◆ ABOUT THIS EXERCISE
Pick out each line below containing "divides".

◆ ENTRIES PROVIDED

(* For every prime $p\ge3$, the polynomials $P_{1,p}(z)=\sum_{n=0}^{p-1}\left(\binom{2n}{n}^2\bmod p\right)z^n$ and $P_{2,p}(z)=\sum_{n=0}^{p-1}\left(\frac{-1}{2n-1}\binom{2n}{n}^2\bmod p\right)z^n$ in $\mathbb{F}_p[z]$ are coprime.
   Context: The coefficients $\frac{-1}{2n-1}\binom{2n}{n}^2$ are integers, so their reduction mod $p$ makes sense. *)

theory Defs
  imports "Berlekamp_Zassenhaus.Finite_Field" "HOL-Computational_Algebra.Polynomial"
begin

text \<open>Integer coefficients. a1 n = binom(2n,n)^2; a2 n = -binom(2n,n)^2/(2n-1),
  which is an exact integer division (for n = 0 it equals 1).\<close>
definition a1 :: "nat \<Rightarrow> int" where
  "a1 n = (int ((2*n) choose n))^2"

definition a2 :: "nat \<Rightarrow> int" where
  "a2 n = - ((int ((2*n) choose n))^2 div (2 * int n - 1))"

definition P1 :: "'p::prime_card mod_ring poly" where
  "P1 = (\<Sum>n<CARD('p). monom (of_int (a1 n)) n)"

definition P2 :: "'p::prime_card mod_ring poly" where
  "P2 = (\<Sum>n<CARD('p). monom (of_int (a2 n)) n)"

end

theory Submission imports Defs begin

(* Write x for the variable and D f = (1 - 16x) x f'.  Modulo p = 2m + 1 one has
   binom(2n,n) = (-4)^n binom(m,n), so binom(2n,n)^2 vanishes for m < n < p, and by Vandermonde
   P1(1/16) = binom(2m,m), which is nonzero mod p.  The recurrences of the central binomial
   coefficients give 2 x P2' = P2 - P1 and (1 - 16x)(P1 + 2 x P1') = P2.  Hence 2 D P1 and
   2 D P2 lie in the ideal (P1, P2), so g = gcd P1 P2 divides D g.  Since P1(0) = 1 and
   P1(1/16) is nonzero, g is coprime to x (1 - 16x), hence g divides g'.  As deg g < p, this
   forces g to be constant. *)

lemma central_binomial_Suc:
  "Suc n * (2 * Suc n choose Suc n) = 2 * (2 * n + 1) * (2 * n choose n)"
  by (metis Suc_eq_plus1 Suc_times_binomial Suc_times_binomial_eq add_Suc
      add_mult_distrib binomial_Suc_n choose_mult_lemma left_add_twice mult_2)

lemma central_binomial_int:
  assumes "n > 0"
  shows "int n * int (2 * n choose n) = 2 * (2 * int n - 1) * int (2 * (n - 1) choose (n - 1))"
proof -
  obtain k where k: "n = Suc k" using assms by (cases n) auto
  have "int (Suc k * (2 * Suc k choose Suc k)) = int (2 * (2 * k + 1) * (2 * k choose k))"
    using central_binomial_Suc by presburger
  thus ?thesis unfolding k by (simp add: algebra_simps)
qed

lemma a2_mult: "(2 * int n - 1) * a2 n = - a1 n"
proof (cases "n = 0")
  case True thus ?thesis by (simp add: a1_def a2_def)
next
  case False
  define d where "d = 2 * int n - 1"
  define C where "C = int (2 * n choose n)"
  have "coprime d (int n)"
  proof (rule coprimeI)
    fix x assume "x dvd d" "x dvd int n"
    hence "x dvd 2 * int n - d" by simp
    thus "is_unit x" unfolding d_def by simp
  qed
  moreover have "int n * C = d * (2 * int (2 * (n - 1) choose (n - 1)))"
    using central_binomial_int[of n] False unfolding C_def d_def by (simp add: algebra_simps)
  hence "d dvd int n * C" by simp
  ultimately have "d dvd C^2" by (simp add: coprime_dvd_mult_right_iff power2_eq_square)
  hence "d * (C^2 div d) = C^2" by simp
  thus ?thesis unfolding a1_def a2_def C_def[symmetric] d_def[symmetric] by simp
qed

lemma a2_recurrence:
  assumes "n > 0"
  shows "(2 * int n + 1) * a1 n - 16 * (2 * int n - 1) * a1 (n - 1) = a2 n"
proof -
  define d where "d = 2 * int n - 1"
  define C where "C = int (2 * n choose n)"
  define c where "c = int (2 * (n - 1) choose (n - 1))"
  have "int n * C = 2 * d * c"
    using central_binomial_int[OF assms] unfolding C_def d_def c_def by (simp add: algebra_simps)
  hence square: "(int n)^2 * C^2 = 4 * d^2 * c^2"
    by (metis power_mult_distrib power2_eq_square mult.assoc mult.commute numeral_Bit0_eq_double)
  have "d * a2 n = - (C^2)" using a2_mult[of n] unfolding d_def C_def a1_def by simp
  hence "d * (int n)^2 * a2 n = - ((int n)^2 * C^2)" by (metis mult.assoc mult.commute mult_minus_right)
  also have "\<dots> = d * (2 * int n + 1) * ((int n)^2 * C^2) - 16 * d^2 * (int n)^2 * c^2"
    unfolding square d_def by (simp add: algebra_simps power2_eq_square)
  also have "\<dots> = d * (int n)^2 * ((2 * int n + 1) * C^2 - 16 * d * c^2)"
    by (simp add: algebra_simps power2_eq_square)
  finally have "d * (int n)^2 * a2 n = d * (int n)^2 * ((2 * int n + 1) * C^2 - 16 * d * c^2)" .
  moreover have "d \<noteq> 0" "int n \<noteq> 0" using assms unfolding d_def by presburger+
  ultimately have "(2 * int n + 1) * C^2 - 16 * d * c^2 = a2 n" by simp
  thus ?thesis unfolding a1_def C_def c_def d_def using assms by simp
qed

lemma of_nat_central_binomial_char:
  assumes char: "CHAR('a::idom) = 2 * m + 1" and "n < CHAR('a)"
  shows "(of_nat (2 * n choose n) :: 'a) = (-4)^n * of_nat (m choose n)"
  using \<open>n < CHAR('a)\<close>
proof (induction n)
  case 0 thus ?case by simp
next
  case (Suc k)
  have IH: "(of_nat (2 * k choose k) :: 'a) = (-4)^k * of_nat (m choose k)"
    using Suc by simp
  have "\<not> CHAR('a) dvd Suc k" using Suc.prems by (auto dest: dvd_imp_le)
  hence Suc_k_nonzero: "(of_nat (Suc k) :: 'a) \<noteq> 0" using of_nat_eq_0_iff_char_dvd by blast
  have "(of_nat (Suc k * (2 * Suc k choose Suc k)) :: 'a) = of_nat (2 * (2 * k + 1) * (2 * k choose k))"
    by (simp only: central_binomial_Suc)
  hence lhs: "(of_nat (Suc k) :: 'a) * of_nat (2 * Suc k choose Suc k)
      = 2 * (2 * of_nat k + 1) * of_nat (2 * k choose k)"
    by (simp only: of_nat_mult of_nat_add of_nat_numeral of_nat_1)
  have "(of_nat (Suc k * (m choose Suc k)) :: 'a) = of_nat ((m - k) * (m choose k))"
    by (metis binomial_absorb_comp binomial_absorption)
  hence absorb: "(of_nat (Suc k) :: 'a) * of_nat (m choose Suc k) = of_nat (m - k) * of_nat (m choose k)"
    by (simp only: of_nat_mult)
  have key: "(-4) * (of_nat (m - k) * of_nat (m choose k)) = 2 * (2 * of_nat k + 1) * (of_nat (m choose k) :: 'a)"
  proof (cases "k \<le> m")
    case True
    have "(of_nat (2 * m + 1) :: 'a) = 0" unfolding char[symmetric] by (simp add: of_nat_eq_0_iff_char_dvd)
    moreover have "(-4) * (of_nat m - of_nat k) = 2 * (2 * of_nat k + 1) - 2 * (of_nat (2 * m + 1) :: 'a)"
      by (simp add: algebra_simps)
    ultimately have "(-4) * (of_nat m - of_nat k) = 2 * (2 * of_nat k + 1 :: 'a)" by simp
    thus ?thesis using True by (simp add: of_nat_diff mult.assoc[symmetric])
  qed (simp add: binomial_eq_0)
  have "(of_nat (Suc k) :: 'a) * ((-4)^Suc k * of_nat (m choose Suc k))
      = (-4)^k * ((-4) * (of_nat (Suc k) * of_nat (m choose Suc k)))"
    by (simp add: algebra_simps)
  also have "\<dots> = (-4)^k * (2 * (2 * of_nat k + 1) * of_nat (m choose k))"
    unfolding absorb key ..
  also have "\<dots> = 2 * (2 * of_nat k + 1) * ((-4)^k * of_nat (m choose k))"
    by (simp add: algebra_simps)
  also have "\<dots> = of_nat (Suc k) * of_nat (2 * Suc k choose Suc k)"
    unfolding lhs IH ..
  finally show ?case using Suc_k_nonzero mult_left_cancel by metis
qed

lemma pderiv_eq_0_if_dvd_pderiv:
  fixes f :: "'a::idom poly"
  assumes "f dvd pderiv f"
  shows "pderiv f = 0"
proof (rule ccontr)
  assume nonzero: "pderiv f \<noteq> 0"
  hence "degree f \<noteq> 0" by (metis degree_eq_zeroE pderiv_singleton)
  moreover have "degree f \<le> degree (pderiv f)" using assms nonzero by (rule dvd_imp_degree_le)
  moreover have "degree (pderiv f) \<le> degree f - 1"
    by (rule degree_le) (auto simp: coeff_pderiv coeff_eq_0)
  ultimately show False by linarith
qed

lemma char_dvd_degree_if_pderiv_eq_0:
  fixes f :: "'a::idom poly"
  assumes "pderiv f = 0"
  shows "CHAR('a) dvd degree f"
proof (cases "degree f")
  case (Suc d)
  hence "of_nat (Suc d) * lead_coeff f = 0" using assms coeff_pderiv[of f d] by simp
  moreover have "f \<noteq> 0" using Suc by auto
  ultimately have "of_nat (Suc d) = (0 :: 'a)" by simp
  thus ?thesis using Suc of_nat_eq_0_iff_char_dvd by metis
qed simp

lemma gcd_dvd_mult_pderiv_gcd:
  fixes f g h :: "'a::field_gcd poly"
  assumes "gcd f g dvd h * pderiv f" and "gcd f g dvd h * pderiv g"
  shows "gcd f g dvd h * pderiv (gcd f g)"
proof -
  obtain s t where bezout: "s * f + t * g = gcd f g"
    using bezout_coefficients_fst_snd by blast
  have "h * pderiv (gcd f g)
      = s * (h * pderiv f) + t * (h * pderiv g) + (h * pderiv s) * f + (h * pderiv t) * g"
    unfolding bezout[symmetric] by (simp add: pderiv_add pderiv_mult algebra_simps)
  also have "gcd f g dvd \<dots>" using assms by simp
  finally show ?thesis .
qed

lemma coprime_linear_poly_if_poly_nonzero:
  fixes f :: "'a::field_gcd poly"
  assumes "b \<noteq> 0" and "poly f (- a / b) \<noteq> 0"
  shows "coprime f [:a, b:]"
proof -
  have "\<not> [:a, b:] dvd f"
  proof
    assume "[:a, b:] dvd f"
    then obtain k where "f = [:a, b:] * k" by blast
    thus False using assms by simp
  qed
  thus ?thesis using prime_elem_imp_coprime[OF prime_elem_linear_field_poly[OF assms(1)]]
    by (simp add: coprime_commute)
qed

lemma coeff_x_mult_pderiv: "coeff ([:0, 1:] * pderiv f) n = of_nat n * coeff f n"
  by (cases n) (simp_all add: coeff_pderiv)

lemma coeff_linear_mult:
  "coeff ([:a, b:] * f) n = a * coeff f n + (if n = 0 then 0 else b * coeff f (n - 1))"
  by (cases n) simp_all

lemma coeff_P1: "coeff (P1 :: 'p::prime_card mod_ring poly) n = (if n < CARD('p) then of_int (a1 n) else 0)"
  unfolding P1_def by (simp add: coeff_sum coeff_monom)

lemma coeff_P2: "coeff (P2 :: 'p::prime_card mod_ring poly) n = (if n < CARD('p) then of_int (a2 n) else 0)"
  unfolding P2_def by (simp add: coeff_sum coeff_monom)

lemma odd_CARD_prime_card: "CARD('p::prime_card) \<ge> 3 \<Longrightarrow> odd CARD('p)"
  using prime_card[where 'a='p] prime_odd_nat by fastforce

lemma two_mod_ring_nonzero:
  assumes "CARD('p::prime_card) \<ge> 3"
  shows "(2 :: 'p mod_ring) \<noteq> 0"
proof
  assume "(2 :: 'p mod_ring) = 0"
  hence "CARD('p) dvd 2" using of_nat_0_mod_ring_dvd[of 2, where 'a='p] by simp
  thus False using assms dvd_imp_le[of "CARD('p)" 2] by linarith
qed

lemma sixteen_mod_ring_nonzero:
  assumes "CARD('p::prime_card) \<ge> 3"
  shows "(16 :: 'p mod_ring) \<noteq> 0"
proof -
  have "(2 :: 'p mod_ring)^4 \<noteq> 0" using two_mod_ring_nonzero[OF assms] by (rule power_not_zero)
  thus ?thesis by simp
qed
---
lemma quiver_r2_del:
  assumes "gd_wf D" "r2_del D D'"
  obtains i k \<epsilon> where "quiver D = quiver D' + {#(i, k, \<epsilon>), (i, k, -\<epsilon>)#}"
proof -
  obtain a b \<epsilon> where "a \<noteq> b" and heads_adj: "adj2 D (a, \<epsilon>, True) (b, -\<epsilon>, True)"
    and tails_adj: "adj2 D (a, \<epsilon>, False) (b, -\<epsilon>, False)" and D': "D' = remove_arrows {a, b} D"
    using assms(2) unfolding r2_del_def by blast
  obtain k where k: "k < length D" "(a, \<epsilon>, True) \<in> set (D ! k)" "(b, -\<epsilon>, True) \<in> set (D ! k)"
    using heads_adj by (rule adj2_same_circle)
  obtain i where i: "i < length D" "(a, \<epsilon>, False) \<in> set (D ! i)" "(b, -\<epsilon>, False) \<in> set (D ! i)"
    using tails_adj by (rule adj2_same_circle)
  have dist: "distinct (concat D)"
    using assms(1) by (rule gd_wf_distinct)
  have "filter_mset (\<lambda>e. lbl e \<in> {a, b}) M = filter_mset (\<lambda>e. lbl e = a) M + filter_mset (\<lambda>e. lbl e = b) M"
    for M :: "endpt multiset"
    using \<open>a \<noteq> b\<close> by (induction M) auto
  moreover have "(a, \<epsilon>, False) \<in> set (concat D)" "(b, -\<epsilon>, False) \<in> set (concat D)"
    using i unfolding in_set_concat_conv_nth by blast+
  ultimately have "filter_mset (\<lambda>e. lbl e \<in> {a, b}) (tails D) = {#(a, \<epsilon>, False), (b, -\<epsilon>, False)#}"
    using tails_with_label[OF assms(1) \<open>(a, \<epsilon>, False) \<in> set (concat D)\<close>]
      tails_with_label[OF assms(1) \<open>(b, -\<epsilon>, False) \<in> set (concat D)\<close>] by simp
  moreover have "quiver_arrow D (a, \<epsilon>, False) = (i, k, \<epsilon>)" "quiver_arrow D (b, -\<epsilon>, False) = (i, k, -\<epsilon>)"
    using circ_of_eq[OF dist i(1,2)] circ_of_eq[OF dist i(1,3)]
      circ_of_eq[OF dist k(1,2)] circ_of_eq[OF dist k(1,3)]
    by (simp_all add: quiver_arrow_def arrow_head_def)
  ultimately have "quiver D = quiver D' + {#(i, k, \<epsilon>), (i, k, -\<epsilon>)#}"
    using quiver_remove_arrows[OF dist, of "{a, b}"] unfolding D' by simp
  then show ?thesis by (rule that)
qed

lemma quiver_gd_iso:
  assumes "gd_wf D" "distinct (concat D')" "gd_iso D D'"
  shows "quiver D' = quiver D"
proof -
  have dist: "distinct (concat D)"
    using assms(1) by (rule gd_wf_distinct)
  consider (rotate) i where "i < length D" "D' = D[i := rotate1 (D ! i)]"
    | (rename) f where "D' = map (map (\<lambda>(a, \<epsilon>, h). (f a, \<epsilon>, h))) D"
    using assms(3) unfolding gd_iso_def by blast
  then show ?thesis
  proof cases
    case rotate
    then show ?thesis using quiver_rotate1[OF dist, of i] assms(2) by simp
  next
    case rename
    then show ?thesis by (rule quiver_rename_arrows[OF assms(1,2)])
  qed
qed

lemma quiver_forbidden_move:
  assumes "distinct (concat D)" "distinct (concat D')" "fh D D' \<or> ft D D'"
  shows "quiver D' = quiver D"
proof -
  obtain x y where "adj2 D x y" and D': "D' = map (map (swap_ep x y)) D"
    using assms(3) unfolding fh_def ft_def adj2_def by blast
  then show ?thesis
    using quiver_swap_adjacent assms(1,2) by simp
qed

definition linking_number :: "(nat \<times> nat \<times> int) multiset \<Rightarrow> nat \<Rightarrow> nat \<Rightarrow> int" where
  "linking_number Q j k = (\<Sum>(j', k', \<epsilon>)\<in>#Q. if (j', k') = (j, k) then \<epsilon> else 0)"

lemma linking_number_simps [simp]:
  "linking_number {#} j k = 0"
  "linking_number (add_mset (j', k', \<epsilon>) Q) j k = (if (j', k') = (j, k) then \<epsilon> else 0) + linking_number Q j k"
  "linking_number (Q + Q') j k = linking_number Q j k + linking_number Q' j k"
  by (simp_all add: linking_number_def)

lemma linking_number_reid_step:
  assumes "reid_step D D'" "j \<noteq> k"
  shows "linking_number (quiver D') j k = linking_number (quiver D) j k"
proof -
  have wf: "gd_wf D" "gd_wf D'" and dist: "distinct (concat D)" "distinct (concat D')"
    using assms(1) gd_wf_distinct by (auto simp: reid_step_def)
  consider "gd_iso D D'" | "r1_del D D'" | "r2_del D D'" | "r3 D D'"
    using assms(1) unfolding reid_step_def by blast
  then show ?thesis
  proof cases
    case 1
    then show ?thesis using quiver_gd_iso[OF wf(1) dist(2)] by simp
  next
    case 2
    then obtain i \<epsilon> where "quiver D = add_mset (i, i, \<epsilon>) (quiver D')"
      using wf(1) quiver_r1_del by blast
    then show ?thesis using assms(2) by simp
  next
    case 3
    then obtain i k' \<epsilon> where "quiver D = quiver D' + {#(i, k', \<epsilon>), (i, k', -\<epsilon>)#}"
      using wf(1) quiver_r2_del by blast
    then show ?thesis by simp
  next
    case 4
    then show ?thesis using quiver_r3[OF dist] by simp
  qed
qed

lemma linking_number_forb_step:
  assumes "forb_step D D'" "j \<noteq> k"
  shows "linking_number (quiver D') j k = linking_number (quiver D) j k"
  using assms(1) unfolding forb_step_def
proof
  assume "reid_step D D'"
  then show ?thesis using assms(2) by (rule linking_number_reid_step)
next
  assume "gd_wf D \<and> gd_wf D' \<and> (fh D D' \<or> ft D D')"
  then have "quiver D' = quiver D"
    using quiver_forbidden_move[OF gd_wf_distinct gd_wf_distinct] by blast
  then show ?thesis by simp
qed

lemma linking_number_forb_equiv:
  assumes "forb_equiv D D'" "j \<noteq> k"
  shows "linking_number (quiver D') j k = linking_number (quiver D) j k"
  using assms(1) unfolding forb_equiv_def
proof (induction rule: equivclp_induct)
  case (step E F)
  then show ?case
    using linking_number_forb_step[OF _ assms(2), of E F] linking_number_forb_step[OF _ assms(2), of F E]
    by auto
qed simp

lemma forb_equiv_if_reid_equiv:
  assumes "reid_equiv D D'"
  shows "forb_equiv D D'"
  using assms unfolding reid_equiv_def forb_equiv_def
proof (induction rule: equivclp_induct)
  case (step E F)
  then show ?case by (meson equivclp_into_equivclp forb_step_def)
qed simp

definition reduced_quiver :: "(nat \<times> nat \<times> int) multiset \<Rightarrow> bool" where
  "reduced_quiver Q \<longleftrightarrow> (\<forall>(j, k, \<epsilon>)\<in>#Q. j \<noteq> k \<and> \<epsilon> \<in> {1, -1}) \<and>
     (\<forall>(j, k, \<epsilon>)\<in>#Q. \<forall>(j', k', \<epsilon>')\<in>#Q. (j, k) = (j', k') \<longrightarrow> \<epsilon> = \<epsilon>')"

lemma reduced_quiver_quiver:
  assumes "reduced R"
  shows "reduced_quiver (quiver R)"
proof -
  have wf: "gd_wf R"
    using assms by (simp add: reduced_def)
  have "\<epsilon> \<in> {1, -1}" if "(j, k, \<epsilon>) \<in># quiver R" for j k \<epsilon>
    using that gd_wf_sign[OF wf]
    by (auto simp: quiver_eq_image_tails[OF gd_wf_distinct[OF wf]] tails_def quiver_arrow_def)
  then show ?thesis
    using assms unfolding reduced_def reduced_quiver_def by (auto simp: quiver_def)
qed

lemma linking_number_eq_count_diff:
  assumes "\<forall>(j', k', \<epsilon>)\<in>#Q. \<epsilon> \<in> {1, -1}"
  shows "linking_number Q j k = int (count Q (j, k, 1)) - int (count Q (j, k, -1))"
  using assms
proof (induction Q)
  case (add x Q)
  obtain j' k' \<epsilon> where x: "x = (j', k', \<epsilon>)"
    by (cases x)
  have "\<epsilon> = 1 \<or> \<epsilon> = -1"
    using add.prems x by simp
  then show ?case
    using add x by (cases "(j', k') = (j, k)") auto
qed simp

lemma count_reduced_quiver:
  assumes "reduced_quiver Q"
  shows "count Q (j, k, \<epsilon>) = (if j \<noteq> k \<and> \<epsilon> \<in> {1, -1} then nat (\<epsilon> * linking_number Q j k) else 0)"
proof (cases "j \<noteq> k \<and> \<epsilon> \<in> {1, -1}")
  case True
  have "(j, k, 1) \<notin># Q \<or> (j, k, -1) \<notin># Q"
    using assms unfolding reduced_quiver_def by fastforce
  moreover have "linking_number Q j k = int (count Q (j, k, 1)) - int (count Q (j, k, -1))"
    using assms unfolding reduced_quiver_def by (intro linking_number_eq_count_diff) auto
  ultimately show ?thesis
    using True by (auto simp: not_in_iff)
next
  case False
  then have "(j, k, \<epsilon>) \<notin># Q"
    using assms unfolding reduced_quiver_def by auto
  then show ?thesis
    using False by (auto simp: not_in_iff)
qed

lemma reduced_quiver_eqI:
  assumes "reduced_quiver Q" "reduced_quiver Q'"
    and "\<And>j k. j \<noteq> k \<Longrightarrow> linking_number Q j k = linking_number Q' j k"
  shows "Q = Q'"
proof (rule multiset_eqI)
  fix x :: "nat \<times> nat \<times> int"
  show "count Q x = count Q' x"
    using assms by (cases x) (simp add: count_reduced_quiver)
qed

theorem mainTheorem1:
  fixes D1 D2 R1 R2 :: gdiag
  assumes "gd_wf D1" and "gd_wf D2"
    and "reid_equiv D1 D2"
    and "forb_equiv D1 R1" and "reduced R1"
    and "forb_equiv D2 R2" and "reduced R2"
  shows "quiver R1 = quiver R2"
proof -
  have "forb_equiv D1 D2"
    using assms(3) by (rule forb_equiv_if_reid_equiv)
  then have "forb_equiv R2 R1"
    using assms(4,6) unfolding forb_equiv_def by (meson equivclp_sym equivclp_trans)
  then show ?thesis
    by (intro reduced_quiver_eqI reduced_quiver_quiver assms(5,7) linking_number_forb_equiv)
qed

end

◆ SOLUTION TO THIS EXERCISE
   2 D P2 lie in the ideal (P1, P2), so g = gcd P1 P2 divides D g.  Since P1(0) = 1 and
   P1(1/16) is nonzero, g is coprime to x (1 - 16x), hence g divides g'.  As deg g < p, this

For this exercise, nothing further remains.